To do = Once you reach the line containing "(\<forall>ws. ws \<noteq>" in the entries below, write out that line and each one after it down to the line containing "set \<Rightarrow> 'a set", exactly and with nothing added.
Study material section start
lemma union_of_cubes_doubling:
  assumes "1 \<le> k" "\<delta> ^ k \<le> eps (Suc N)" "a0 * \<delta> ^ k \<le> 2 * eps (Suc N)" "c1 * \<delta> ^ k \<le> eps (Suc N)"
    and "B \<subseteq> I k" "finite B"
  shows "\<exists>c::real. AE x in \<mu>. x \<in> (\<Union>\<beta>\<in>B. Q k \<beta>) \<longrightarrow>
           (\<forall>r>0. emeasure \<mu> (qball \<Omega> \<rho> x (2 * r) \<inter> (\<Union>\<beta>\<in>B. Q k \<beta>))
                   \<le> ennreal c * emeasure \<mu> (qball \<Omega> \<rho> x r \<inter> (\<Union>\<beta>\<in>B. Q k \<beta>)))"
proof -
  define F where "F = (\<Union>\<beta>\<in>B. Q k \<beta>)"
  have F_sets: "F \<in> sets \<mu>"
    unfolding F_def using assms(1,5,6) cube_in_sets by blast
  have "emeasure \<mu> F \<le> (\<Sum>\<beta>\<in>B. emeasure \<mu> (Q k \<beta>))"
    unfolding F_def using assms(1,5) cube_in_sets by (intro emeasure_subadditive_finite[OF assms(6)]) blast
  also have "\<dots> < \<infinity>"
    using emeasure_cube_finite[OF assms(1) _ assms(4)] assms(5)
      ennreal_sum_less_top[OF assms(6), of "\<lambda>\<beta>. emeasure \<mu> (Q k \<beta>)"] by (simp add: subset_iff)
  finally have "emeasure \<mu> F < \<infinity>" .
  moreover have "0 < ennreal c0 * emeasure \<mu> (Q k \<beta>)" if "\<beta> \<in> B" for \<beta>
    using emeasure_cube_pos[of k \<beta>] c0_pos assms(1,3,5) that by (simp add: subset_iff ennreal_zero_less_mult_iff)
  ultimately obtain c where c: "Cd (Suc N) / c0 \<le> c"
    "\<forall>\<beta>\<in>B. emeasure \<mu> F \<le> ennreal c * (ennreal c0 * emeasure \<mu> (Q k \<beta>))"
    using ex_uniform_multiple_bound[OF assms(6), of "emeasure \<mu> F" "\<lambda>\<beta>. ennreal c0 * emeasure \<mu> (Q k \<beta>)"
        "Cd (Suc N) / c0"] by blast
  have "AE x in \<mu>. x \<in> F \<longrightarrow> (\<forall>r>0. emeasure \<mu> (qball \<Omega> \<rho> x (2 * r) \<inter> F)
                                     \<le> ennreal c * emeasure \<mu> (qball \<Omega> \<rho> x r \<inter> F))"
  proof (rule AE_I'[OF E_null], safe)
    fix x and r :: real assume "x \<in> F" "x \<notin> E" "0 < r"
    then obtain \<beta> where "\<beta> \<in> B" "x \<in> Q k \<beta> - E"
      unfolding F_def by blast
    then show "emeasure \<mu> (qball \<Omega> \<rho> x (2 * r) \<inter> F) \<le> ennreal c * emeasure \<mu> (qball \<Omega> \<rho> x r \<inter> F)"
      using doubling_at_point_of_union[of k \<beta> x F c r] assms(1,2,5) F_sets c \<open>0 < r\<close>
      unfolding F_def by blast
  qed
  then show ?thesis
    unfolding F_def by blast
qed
Study material section end
Study material section start
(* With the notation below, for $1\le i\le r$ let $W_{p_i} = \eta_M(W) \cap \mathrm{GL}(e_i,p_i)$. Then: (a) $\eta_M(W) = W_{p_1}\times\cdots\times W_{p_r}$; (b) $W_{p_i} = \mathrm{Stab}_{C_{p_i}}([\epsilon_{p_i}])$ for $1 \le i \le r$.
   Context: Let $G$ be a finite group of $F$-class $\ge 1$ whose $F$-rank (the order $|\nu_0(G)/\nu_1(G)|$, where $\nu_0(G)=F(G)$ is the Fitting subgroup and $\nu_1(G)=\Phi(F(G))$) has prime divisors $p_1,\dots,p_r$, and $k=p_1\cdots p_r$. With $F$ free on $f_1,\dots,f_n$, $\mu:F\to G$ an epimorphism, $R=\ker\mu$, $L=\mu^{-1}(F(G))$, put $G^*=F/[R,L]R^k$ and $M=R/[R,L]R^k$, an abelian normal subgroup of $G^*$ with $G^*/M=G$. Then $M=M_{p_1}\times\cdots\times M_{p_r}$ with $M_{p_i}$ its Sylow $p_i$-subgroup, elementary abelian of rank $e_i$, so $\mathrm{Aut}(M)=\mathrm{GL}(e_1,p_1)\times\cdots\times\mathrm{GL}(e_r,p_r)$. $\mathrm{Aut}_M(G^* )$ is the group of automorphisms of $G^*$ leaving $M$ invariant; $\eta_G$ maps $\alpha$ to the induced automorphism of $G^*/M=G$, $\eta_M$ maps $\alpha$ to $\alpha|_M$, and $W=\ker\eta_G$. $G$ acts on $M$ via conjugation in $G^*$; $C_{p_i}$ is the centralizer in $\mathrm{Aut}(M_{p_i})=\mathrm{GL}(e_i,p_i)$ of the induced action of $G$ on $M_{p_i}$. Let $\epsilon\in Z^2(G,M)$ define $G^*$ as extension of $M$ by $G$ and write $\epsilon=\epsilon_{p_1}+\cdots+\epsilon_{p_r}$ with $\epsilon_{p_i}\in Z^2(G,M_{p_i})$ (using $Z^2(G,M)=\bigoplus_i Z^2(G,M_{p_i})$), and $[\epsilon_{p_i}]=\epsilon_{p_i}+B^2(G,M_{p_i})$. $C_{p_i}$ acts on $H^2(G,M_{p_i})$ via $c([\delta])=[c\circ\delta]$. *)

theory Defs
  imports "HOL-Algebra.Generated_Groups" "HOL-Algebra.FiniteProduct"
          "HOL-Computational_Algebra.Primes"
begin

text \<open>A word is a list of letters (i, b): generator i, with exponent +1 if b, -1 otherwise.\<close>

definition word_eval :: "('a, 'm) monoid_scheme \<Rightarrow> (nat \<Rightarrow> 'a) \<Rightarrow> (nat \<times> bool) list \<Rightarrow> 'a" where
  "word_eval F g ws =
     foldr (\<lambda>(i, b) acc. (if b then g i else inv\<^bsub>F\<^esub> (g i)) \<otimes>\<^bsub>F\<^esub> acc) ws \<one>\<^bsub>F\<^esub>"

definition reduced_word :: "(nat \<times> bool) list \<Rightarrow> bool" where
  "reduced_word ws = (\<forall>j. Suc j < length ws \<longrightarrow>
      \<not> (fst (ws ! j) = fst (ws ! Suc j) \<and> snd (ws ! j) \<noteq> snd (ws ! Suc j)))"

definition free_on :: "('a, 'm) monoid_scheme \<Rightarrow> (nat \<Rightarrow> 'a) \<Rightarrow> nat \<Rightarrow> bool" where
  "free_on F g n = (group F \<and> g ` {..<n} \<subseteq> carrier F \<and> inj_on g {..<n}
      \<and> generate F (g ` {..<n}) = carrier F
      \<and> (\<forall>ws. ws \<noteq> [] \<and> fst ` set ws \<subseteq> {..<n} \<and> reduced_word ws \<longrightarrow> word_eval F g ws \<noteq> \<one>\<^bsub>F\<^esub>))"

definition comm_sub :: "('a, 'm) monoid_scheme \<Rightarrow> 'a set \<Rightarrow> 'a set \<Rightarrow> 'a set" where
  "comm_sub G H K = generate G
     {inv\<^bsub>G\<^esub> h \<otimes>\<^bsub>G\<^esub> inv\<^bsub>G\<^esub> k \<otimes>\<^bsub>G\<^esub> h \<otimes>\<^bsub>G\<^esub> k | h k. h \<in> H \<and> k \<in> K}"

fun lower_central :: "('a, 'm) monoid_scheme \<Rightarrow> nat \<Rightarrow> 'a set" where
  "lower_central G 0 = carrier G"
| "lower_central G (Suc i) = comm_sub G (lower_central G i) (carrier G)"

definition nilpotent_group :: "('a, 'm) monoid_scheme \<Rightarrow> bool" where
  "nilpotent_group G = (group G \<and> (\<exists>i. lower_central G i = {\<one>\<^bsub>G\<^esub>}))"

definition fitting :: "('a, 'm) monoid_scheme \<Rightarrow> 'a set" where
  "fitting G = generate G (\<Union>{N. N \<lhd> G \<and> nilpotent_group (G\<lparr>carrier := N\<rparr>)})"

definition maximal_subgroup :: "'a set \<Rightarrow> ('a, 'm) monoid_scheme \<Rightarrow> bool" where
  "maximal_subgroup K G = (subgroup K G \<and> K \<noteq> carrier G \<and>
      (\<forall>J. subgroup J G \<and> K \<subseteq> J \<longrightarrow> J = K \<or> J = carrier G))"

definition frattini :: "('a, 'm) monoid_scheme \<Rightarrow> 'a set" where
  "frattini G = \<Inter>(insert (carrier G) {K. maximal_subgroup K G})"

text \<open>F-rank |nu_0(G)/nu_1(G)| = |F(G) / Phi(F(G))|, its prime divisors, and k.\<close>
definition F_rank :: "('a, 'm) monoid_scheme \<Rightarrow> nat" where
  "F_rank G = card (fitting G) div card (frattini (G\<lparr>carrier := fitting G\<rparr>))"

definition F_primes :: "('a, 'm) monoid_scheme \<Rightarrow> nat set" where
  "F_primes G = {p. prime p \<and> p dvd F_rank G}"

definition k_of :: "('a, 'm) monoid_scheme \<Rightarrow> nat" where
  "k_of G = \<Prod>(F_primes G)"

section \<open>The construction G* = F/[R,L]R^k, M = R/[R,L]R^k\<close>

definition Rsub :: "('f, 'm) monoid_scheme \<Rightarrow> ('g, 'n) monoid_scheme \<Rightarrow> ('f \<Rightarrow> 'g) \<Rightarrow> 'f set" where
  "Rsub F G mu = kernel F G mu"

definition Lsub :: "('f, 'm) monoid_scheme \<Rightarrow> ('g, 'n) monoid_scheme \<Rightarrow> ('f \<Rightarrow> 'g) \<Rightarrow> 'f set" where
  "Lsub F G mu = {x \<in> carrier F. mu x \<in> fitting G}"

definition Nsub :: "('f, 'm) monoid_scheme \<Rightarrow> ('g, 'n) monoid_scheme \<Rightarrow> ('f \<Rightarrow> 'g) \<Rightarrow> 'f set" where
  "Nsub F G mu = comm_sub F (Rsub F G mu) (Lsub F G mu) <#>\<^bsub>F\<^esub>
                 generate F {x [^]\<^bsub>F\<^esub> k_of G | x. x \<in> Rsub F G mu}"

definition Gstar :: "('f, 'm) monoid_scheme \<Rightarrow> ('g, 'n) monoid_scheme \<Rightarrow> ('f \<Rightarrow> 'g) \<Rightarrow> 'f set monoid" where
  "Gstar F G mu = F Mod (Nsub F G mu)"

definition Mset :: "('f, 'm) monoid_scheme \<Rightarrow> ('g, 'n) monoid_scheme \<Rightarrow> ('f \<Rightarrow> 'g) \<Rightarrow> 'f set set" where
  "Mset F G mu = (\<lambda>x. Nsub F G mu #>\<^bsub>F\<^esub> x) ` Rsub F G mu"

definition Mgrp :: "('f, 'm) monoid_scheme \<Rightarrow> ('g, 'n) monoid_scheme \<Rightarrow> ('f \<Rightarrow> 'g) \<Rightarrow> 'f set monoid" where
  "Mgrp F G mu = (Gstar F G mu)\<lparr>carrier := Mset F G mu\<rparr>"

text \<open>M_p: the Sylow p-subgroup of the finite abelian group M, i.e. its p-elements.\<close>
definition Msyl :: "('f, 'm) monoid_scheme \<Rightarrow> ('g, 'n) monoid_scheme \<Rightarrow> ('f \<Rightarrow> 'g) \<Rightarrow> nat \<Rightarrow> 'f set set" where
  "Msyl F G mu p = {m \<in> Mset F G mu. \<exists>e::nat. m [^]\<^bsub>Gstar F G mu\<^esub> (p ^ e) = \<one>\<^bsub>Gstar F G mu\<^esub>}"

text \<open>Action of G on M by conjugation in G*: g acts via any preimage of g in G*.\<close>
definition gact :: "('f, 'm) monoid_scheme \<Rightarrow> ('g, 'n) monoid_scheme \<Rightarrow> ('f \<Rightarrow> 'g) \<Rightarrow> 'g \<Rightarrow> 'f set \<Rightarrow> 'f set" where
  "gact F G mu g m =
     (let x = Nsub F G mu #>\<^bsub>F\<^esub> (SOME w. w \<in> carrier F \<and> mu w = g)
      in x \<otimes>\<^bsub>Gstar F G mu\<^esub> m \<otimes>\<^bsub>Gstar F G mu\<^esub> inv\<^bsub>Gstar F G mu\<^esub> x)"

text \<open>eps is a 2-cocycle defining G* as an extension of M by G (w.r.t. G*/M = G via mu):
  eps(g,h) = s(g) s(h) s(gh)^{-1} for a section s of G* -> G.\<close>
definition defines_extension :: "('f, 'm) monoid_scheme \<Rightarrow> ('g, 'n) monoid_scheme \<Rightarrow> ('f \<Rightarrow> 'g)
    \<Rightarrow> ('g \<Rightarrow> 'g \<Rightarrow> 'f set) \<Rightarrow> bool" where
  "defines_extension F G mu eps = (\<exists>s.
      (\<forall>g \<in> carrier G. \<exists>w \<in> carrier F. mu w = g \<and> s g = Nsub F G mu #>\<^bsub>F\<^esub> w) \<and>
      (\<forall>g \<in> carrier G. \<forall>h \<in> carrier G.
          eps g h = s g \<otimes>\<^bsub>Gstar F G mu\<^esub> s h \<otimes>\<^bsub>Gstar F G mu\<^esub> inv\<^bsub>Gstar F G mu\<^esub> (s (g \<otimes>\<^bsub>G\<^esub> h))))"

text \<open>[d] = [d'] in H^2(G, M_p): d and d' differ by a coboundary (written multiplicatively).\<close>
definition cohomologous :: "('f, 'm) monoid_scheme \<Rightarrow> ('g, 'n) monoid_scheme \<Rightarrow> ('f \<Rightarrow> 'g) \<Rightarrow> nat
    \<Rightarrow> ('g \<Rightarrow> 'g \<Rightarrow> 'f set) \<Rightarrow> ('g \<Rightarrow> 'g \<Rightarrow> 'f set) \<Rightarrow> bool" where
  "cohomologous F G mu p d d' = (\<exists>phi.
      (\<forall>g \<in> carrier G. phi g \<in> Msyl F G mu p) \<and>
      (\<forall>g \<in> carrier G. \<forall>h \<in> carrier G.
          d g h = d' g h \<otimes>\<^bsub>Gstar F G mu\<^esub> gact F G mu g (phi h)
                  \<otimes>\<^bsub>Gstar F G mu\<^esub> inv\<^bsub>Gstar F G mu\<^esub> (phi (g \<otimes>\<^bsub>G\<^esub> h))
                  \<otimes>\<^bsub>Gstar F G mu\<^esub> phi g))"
Study material section end
Task output =
      \<and> (\<forall>ws. ws \<noteq> [] \<and> fst ` set ws \<subseteq> {..<n} \<and> reduced_word ws \<longrightarrow> word_eval F g ws \<noteq> \<one>\<^bsub>F\<^esub>))"

definition comm_sub :: "('a, 'm) monoid_scheme \<Rightarrow> 'a set \<Rightarrow> 'a set \<Rightarrow> 'a set" where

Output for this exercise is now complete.